Tiruchi Siva is a member of the Parliament of India representing Tamil Nadu in the Rajya Sabha, the upper house of parliament. He is from the Dravida Munnetra Kazhagam party, and was elected in 1996, 2002, 2007, 2014 and 2020. He is a speaker and a writer.

Career
As a student, he was imprisoned for one year under the Maintenance of Internal Security Act (MISA) during the Emergency of 1976. In 1978 he was an organizer for the DMK District Student’s Wing. Between 1982 and 1992 he served as the Deputy Secretary of the DMK Youth Wing and later serving as the Secretary of the same between 1992 and 2007. He was the Propaganda Secretary of the DMK.

Has written articles in the Party’s official organ Murasoli and other magazines.

In Parliament

Historic Private Member Bill to Protect Rights of Transgenders
On 24 April 2015, Mr. Siva created history when he introduced a private member's bill, the Rights of Transgender Persons Bill, 2014, and after much discussion the Bill was put on a voice vote and was unanimously passed by the Rajya Sabha.

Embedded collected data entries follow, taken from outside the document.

lemma Gamma_quotient_eq_binomial:
  assumes "k \<le> n"
  shows "Gamma (real n + 3) / (Gamma (real k + 1) * Gamma (real n - real k + 2))
    = (real n + 2) * real (Suc n choose k)"
proof -
  have "Gamma (real n + 3) = fact (Suc (Suc n))"
    using Gamma_real_Suc[of "Suc (Suc n)"] by (simp add: add.commute numeral_3_eq_3)
  moreover have "Gamma (real k + 1) = fact k"
    using Gamma_real_Suc[of k] by (simp add: add.commute)
  moreover have "Gamma (real n - real k + 2) = fact (Suc (n - k))"
  proof -
    have "real n - real k + 2 = real (Suc (Suc (n - k)))" using assms by simp
    then show ?thesis by (simp only: Gamma_real_Suc)
  qed
  moreover have "real (Suc n choose k) = fact (Suc n) / (fact k * fact (Suc (n - k)))"
    using binomial_fact[of k "Suc n"] assms by (simp add: Suc_diff_le)
  moreover have "(fact (Suc (Suc n)) :: real) = (real n + 2) * fact (Suc n)"
    by (simp only: fact_Suc[of "Suc n"] of_nat_Suc) (simp add: add.commute)
  ultimately show ?thesis by (simp del: fact_Suc)
qed

lemma scaled_binomial_term_diff_opposite:
  assumes "1 \<le> k" "k \<le> n"
  shows "- (real n + 1) * (real n + 2) * (binomial_term n k a (- a) - binomial_term n (k - 1) a (- a)) =
    (- 1) ^ (n - k + 1) * (real n + 1) *
      (Gamma (real n + 3) / (Gamma (real k + 1) * Gamma (real n - real k + 2))) * a ^ n"
  unfolding binomial_term_diff_opposite[OF assms] Gamma_quotient_eq_binomial[OF assms(2)]
  by (simp add: algebra_simps)

text \<open>The \<open>measurable\<close> method cannot handle \<open>of_bool\<close> of an equivalence with a constant side.\<close>

lemma borel_measurable_of_bool_iff_le:
  fixes f g :: "'a \<Rightarrow> real"
  assumes [measurable]: "f \<in> borel_measurable M" "g \<in> borel_measurable M"
  shows "(\<lambda>x. of_bool (b \<longleftrightarrow> f x \<le> g x) :: real) \<in> borel_measurable M"
  by (cases b) (simp_all add: of_bool_def)

lemma integral_second_difference:
  fixes f g h :: "'a \<Rightarrow> real"
  assumes "integrable M f" "integrable M g" "integrable M h"
  shows "(\<integral>x. f x - 2 * g x + h x \<partial>M) = integral\<^sup>L M f - 2 * integral\<^sup>L M g + integral\<^sup>L M h"
  using assms by (simp add: Bochner_Integration.integral_add Bochner_Integration.integral_diff)

lemma (in prob_space) integrable_comp_fst:
  fixes f :: "'b \<Rightarrow> 'c::{banach, second_countable_topology}"
  assumes "integrable N f"
  shows "integrable (N \<Otimes>\<^sub>M M) (\<lambda>z. f (fst z))"
proof -
  have "integrable (distr (N \<Otimes>\<^sub>M M) N fst) f"
    using assms by (simp only: distr_pair_fst)
  then show ?thesis
    by (rule integrable_distr_eq[OF measurable_fst[of N M] borel_measurable_integrable[OF assms], THEN iffD1])
qed

lemma integrable_mult_of_bool:
  fixes f :: "'a \<Rightarrow> real"
  assumes "integrable M f" "Measurable.pred M P"
  shows "integrable M (\<lambda>x. f x * of_bool (P x))"
  by (rule Bochner_Integration.integrable_bound[OF assms(1)]) (use assms in auto)

section \<open>The uniform measure on the unit interval\<close>

text \<open>
  A constant rather than an abbreviation: inside \<open>restrict_space lborel\<close> the \<open>measurable\<close>
  method replaces \<open>lborel\<close> by \<open>borel\<close>, which would bypass the \<open>[measurable]\<close> rule below.
\<close>

definition unit_interval :: "real measure" where
  "unit_interval = restrict_space lborel {0..1}"

lemma space_unit_interval [simp]: "space unit_interval = {0..1}"
  by (simp add: unit_interval_def space_restrict_space)
lemma lower_upper_approx_eq:
  "lower_approx U R (upper_approx U R X) = points_within (classes_meeting X)"
proof (rule set_eqI, rule iffI)
  fix x assume "x \<in> lower_approx U R (upper_approx U R X)"
  then have x: "x \<in> U" "\<And>y. y \<in> successors R x \<Longrightarrow> successors R y \<inter> X \<noteq> {}"
    by (auto simp: lower_approx_def upper_approx_def)
  have "c \<in> classes_meeting X" if c: "c \<in> terminal_classes" "c \<subseteq> successors R x" for c
  proof -
    obtain t where "terminal t" "c = successors R t" using c(1) by (auto simp: terminal_classes_def)
    then show ?thesis using c x(2) terminal_in_successors by (auto simp: classes_meeting_def)
  qed
  with x(1) show "x \<in> points_within (classes_meeting X)" by (simp add: points_within_def)
next
  fix x assume x: "x \<in> points_within (classes_meeting X)"
  have "successors R y \<inter> X \<noteq> {}" if y: "y \<in> successors R x" for y
  proof -
    obtain c where c: "c \<in> terminal_classes" "c \<subseteq> successors R y"
      using terminal_class_below y successors_subset_U by blast
    moreover have "c \<subseteq> successors R x" using c(2) successors_trans[OF y] by blast
    ultimately have "c \<in> classes_meeting X" using x unfolding points_within_def by blast
    then show ?thesis using c(2) unfolding classes_meeting_def by blast
  qed
  with x successors_subset_U show "x \<in> lower_approx U R (upper_approx U R X)"
    by (auto simp: lower_approx_def upper_approx_def points_within_def)
qed
lemma star_shape_of_leaf_neighbours:
  assumes u: "u \<in> V" and leaves: "\<And>y. y \<in> V \<Longrightarrow> E u y \<Longrightarrow> deg y = 1"
  shows "\<forall>x\<in>V. \<forall>y\<in>V. E x y \<longleftrightarrow> (x = u \<longleftrightarrow> y \<noteq> u)"
proof -
  have adj: "E u y" if "y \<in> V" "y \<noteq> u" for y
    using V_eq_insert_leaf_neighbours[OF assms] that by blast
  have "\<not> E x y" if "x \<in> V" "y \<in> V" "x \<noteq> u" "y \<noteq> u" for x y
    using leaf_neighbour_unique[OF leaves[OF _ adj] E_sym[OF u _ adj]] adj u that by metis
  then show ?thesis using adj E_sym E_irrefl u by blast
qed

lemma deg_ge_card:
  assumes "A \<subseteq> V" "\<forall>a\<in>A. E u a"
  shows "card A \<le> deg u"
  unfolding deg_def using assms finite_V by (intro card_mono) auto

lemma automorphism_gdist:
  "automorphism V E f \<Longrightarrow> x \<in> V \<Longrightarrow> y \<in> V \<Longrightarrow> d (f x) (f y) = d x y"
  using gdist_graph_isomorphism by (simp add: automorphism_iff_graph_isomorphism)

lemma automorphism_deg:
  assumes f: "automorphism V E f" and x: "x \<in> V"
  shows "deg (f x) = deg x"
proof -
  have b: "bij_betw f V V" and e: "\<And>y. y \<in> V \<Longrightarrow> E (f x) (f y) \<longleftrightarrow> E x y"
    using f x by (auto simp: automorphism_def)
  have "{y\<in>V. E (f x) y} = f ` {y\<in>V. E x y}"
  proof (intro equalityI subsetI)
    fix z assume "z \<in> {y\<in>V. E (f x) y}"
    moreover obtain y where "y \<in> V" "z = f y"
      using calculation bij_betw_imp_surj_on[OF b] by auto
    ultimately show "z \<in> f ` {y\<in>V. E x y}" using e by auto
  qed (use e bij_betwE[OF b] in auto)
  moreover have "inj_on f {y\<in>V. E x y}"
    using bij_betw_imp_inj_on[OF b] by (rule inj_on_subset) auto
  ultimately show ?thesis unfolding deg_def by (simp add: card_image)
qed

lemma automorphism_fixing_resolving_is_id:
  assumes S: "resolving V E S" and f: "automorphism V E f" and fixed: "\<forall>s\<in>S. f s = s"
    and x: "x \<in> V"
  shows "f x = x"
proof (rule ccontr)
  assume "f x \<noteq> x"
  moreover have "f x \<in> V" using automorphism_in[OF f x] .
  ultimately obtain s where s: "s \<in> S" "d (f x) s \<noteq> d x s"
    using S x unfolding resolving_def by blast
  then have "s \<in> V" using S unfolding resolving_def by auto
  then show False using automorphism_gdist[OF f x \<open>s \<in> V\<close>] s fixed by simp
qed

lemma resolving_V: "resolving V E V"
  unfolding resolving_def by (metis gdist_eq_0_iff gdist_self order_refl)

lemma metric_basis_exists:
  obtains S where "resolving V E S" "card S = metric_dim V E"
proof -
  have "\<exists>k S. resolving V E S \<and> card S = k" using resolving_V by blast
  from LeastI_ex[OF this] show ?thesis using that unfolding metric_dim_def by blast
qed

lemma resolving_finite: "resolving V E S \<Longrightarrow> finite S"
  using finite_V finite_subset unfolding resolving_def by blast

lemma resolving_nonempty:
  assumes "resolving V E S" "card V \<ge> 2"
  shows "S \<noteq> {}"
proof -
  have "\<not> card V \<le> 1" using assms(2) by simp
  then obtain x y where "x \<in> V" "y \<in> V" "x \<noteq> y"
    using card_le_Suc0_iff_eq[OF finite_V] by auto
  then show ?thesis using assms(1) unfolding resolving_def by blast
qed

lemma metric_dim_eq_1:
  assumes "card V \<ge> 2" "resolving V E {s}"
  shows "metric_dim V E = 1"
  unfolding metric_dim_def
proof (rule Least_equality)
  show "\<exists>S. resolving V E S \<and> card S = 1" using assms(2) by force
  fix k assume "\<exists>S. resolving V E S \<and> card S = k"
  then obtain S where S: "resolving V E S" "card S = k" by blast
  have "S \<noteq> {}" "finite S"
    using resolving_nonempty[OF S(1) assms(1)] resolving_finite[OF S(1)] .
  then show "1 \<le> k" using S(2) card_gt_0_iff by (metis One_nat_def Suc_leI)
qed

This was the first Private member's bill to be passed by any house in 36 years and by the Upper House in 45 Years.  The Bill was passed with the intent to help transgender people get benefits akin to those in scheduled castes and tribes, and in taking steps to see that they are not denied enrollment in schools or denied jobs in government as well as working to ensure they are protected from sexual harassment.

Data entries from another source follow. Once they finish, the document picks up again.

lemma gray_image_Rn_ideal_std:
  fixes lam mu :: "'a::field" and g1 g2 :: "'a poly"
  assumes lam: "lam * lam = 1" and mu: "mu = - 2 * lam" and two: "(2::'a) \<noteq> 0" and "n > 0"
    and g1: "g1 dvd monom 1 n - [:lam + mu:]" and g2: "g2 dvd monom 1 n - [:lam:]"
  shows "gray n lam mu ` Rn_ideal_std n lam mu g1 g2 = cyclic_ideal (2 * n) (g1 * g2)"
proof -
  note mem_ideal = Rn_ideal_std_iff[OF g1 g2]
  have "monom 1 n - [:lam + mu:] = monom 1 n + [:lam:]"
    unfolding mu by (simp add: poly_eq_iff coeff_pCons split: nat.split)
  with g1 have g1': "g1 dvd monom 1 n + [:lam:]"
    by simp
  have "g1 * g2 dvd monom 1 (2 * n) - 1"
    using mult_dvd_mono[OF g1' g2] monom_plus_mult_monom_minus[OF lam] by simp
  with \<open>n > 0\<close> have cyclic: "cyclic_ideal (2 * n) (g1 * g2) = {h. degree h < 2 * n \<and> g1 * g2 dvd h}"
    by (intro cyclic_ideal_eq_multiples) simp_all
  show ?thesis
    unfolding cyclic
  proof (intro set_eqI iffI)
    fix h assume "h \<in> gray n lam mu ` Rn_ideal_std n lam mu g1 g2"
    then obtain r q where h: "h = gray n lam mu (r, q)"
      and "degree r < n" "degree q < n" "g2 dvd r" "g1 dvd r + q"
      using mem_ideal by auto
    have "g1 * g2 dvd (r + q) * (monom 1 n - [:lam:]) + r * (monom 1 n + [:lam:])"
      using mult_dvd_mono[OF \<open>g1 dvd r + q\<close> g2] mult_dvd_mono[OF g1' \<open>g2 dvd r\<close>]
      by (simp add: mult.commute)
    then have "g1 * g2 dvd h"
      unfolding h mu gray_crt_form[OF lam] by (rule dvd_smult)
    moreover have "degree h < 2 * n"
      unfolding h using \<open>degree r < n\<close> \<open>degree q < n\<close> by (rule degree_gray_less)
    ultimately show "h \<in> {h. degree h < 2 * n \<and> g1 * g2 dvd h}"
      by simp
  next
    fix h assume "h \<in> {h. degree h < 2 * n \<and> g1 * g2 dvd h}"
    then have deg: "degree h < 2 * n" and "g1 * g2 dvd h"
      by simp_all
    define P where "P = monom 1 n + [:lam:]"
    define Q where "Q = monom 1 n - [:lam:]"
    define r where "r = smult (inverse 2) (h mod Q)"
    define q where "q = - smult (inverse 2) (h mod P + h mod Q)"
    have "degree (h mod P) < n" "degree (h mod Q) < n"
      unfolding P_def Q_def diff_conv_add_uminus using \<open>n > 0\<close>
      by (simp_all add: degree_mod_monom_one_add_less)
    then have "degree r < n" "degree q < n"
      unfolding r_def q_def by (simp_all add: degree_add_less)
    moreover have "g2 dvd r"
      unfolding r_def Q_def using \<open>g1 * g2 dvd h\<close> g2
      by (intro dvd_smult dvd_mod) (auto dest: dvd_mult_right)
    moreover have "r + q = - smult (inverse 2) (h mod P)"
      unfolding r_def q_def by (simp add: smult_add_right)
    then have "g1 dvd r + q"
      unfolding P_def using \<open>g1 * g2 dvd h\<close> g1'
      by (auto intro: dvd_smult dvd_mod dest: dvd_mult_left)
    ultimately have "(r, q) \<in> Rn_ideal_std n lam mu g1 g2"
      using mem_ideal by simp
    moreover have "gray n lam mu (r, q) = h"
      unfolding mu r_def q_def P_def Q_def using lam two deg by (rule gray_crt_preimage)
    ultimately show "h \<in> gray n lam mu ` Rn_ideal_std n lam mu g1 g2"
      by force
  qed
qed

Fourth Term in Parliament - 2014-2020
On Women's Day 8 March 2018, Mr.Siva asked the Government to exempt sanitary napkins from GST net.

Raising a Special Mention in Rajya Sabha on NEET Exams, he raised the concern that the two bills passed unanimously by the Tamil Nadu Legislative Assembly which was sent for Presidential Assent was still pending with the Ministry of Home and Health which is a bad situation for the Federal Set Up of the Country.

Participating in the Debate on Passage of Citizenship Amendment Bill in Rajya Sabha on 11 Dec 2019, he strongly opposed the bill, raising several questions including why Minorities from Sri Lanka were excluded and why the Bill targets only Muslims which has created a sense of apprehension amongst the Muslims in India.

   
On 10 December 2019, He was awarded the Best Parliamentarian of the Year (Rajya Sabha) at the Lokmat Parliamentary Awards - 2019.Vice President M Venkaiah Naidu presented the award for his exemplary contribution to Rajya Sabha.

Fifth Term in Parliament
On 2 March 2020, he was re-nominated to Rajya Sabha by the DMK President M K Stalin. On 18 March 2020, Mr.Siva became the first DMK MP to serve a fourth term in Rajya Sabha.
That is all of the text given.